◆ EXERCISE PROMPT ◆
From the entries that follow, copy exactly the lines beginning at the line holding "definition t1 :: kfield" and continuing through the line holding "u v = 0 with".

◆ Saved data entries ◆
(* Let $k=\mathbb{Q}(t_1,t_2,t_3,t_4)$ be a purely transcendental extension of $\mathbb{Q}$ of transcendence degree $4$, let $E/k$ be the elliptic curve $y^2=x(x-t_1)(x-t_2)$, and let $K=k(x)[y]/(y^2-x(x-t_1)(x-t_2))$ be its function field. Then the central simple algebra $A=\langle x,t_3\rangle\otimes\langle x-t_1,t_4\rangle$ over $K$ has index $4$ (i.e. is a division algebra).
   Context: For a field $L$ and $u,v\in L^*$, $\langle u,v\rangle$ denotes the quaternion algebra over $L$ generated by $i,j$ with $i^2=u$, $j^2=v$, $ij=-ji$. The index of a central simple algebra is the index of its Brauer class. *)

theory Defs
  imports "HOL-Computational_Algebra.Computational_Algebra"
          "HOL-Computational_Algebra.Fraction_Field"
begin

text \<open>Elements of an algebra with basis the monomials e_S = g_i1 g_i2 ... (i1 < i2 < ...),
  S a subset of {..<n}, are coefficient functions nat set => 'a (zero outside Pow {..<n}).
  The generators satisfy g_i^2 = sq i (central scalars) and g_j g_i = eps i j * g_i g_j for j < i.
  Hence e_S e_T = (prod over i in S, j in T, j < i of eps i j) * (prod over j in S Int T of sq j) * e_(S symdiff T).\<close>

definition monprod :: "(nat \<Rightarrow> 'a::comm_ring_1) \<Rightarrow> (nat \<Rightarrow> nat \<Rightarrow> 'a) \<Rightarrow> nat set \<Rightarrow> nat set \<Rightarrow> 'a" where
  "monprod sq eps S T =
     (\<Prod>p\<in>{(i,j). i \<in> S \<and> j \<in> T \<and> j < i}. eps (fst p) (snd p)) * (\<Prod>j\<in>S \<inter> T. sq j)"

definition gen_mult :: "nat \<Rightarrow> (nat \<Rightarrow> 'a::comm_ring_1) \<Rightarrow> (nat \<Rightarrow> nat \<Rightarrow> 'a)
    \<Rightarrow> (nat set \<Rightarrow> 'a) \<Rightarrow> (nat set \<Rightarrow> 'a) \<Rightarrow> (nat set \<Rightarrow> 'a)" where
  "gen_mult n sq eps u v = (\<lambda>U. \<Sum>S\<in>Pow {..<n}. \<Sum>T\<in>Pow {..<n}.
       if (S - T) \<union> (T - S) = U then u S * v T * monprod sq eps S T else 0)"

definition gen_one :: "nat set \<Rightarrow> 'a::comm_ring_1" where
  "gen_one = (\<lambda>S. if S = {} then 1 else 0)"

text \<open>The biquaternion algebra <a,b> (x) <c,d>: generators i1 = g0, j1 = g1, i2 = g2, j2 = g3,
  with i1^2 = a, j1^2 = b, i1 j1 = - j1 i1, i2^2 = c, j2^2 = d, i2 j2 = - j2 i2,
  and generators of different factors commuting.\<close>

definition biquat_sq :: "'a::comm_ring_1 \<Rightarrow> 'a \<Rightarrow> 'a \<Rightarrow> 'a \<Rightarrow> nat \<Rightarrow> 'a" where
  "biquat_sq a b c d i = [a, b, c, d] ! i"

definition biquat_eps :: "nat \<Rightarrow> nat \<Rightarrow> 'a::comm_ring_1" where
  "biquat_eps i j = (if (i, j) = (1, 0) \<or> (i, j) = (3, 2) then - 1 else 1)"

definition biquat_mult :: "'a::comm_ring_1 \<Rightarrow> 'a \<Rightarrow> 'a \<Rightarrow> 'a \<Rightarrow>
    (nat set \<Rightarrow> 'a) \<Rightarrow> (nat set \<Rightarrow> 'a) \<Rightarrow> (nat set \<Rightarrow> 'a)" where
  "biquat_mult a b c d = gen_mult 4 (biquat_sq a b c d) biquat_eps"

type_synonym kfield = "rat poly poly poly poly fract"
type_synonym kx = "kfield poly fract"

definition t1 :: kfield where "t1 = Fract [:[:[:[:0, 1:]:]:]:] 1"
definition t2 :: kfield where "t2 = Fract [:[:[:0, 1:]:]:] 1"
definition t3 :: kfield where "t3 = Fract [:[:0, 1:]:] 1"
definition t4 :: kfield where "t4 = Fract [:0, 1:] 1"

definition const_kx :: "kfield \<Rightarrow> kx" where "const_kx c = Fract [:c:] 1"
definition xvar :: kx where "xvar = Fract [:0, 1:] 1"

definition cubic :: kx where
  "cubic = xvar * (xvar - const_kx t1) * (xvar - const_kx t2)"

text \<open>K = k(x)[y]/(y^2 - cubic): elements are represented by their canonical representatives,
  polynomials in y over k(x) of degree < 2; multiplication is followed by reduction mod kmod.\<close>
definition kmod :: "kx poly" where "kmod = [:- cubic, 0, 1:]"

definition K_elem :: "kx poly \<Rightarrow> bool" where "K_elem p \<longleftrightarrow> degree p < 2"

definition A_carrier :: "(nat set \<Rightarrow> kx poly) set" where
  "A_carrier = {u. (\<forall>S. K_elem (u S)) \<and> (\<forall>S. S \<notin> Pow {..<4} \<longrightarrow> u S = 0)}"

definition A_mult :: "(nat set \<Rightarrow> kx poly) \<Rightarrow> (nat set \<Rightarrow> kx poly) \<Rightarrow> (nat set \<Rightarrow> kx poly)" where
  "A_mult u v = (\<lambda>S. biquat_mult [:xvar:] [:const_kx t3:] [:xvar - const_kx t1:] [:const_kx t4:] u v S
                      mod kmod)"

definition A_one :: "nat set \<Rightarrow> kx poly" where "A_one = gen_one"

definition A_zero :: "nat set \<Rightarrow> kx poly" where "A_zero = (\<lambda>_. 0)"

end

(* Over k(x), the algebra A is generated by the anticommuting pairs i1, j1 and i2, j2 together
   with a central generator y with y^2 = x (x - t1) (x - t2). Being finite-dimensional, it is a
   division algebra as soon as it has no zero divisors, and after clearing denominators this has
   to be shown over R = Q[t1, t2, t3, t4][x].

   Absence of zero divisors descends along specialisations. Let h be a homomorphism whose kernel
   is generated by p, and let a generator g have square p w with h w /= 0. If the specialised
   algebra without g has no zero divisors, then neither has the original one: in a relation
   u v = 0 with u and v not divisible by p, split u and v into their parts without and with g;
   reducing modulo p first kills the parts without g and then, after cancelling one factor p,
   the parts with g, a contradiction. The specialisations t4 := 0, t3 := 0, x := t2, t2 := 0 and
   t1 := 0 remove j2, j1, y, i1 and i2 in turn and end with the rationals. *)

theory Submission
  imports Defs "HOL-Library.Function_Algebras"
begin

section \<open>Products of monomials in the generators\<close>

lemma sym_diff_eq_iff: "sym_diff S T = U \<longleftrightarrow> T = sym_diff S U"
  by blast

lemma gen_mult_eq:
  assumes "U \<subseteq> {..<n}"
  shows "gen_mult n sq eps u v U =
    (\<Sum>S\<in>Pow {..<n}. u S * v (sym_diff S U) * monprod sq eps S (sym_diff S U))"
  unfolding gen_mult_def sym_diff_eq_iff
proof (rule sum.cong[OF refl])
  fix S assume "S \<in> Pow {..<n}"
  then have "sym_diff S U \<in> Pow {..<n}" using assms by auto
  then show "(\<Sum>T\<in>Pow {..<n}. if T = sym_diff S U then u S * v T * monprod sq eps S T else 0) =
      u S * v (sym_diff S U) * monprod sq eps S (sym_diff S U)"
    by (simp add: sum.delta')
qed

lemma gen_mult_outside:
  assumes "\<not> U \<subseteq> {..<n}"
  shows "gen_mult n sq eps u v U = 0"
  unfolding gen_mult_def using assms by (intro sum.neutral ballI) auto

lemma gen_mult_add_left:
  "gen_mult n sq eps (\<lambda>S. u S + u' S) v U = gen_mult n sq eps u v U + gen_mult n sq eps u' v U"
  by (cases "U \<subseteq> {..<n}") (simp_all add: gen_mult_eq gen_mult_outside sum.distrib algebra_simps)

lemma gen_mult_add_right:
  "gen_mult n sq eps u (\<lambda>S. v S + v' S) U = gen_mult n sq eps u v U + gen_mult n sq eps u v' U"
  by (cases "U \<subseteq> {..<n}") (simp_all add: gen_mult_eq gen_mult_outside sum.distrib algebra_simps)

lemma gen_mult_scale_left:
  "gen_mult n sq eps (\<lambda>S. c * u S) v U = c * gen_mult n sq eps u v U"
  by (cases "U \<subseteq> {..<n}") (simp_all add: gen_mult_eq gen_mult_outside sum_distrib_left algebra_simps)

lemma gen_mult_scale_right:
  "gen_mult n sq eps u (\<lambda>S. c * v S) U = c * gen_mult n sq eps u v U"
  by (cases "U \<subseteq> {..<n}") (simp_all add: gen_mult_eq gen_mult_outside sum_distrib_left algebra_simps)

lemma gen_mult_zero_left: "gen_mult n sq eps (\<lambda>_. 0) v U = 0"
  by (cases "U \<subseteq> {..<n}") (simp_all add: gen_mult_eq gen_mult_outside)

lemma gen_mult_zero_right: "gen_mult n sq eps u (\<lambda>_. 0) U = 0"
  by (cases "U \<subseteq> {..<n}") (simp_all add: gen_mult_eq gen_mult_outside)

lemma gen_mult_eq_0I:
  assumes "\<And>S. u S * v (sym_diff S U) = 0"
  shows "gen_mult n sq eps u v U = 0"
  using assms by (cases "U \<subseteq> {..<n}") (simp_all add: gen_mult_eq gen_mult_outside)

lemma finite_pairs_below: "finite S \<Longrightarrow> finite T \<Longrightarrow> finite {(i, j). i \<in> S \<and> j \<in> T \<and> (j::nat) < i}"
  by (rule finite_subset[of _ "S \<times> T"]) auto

◆ TASK RESPONSE ◆
definition t1 :: kfield where "t1 = Fract [:[:[:[:0, 1:]:]:]:] 1"
definition t2 :: kfield where "t2 = Fract [:[:[:0, 1:]:]:] 1"
definition t3 :: kfield where "t3 = Fract [:[:0, 1:]:] 1"
definition t4 :: kfield where "t4 = Fract [:0, 1:] 1"

definition const_kx :: "kfield \<Rightarrow> kx" where "const_kx c = Fract [:c:] 1"
definition xvar :: kx where "xvar = Fract [:0, 1:] 1"

definition cubic :: kx where
  "cubic = xvar * (xvar - const_kx t1) * (xvar - const_kx t2)"

text \<open>K = k(x)[y]/(y^2 - cubic): elements are represented by their canonical representatives,
  polynomials in y over k(x) of degree < 2; multiplication is followed by reduction mod kmod.\<close>
definition kmod :: "kx poly" where "kmod = [:- cubic, 0, 1:]"

definition K_elem :: "kx poly \<Rightarrow> bool" where "K_elem p \<longleftrightarrow> degree p < 2"

definition A_carrier :: "(nat set \<Rightarrow> kx poly) set" where
  "A_carrier = {u. (\<forall>S. K_elem (u S)) \<and> (\<forall>S. S \<notin> Pow {..<4} \<longrightarrow> u S = 0)}"

definition A_mult :: "(nat set \<Rightarrow> kx poly) \<Rightarrow> (nat set \<Rightarrow> kx poly) \<Rightarrow> (nat set \<Rightarrow> kx poly)" where
  "A_mult u v = (\<lambda>S. biquat_mult [:xvar:] [:const_kx t3:] [:xvar - const_kx t1:] [:const_kx t4:] u v S
                      mod kmod)"

definition A_one :: "nat set \<Rightarrow> kx poly" where "A_one = gen_one"

definition A_zero :: "nat set \<Rightarrow> kx poly" where "A_zero = (\<lambda>_. 0)"

end

(* Over k(x), the algebra A is generated by the anticommuting pairs i1, j1 and i2, j2 together
   with a central generator y with y^2 = x (x - t1) (x - t2). Being finite-dimensional, it is a
   division algebra as soon as it has no zero divisors, and after clearing denominators this has
   to be shown over R = Q[t1, t2, t3, t4][x].

   Absence of zero divisors descends along specialisations. Let h be a homomorphism whose kernel
   is generated by p, and let a generator g have square p w with h w /= 0. If the specialised
   algebra without g has no zero divisors, then neither has the original one: in a relation
   u v = 0 with u and v not divisible by p, split u and v into their parts without and with g;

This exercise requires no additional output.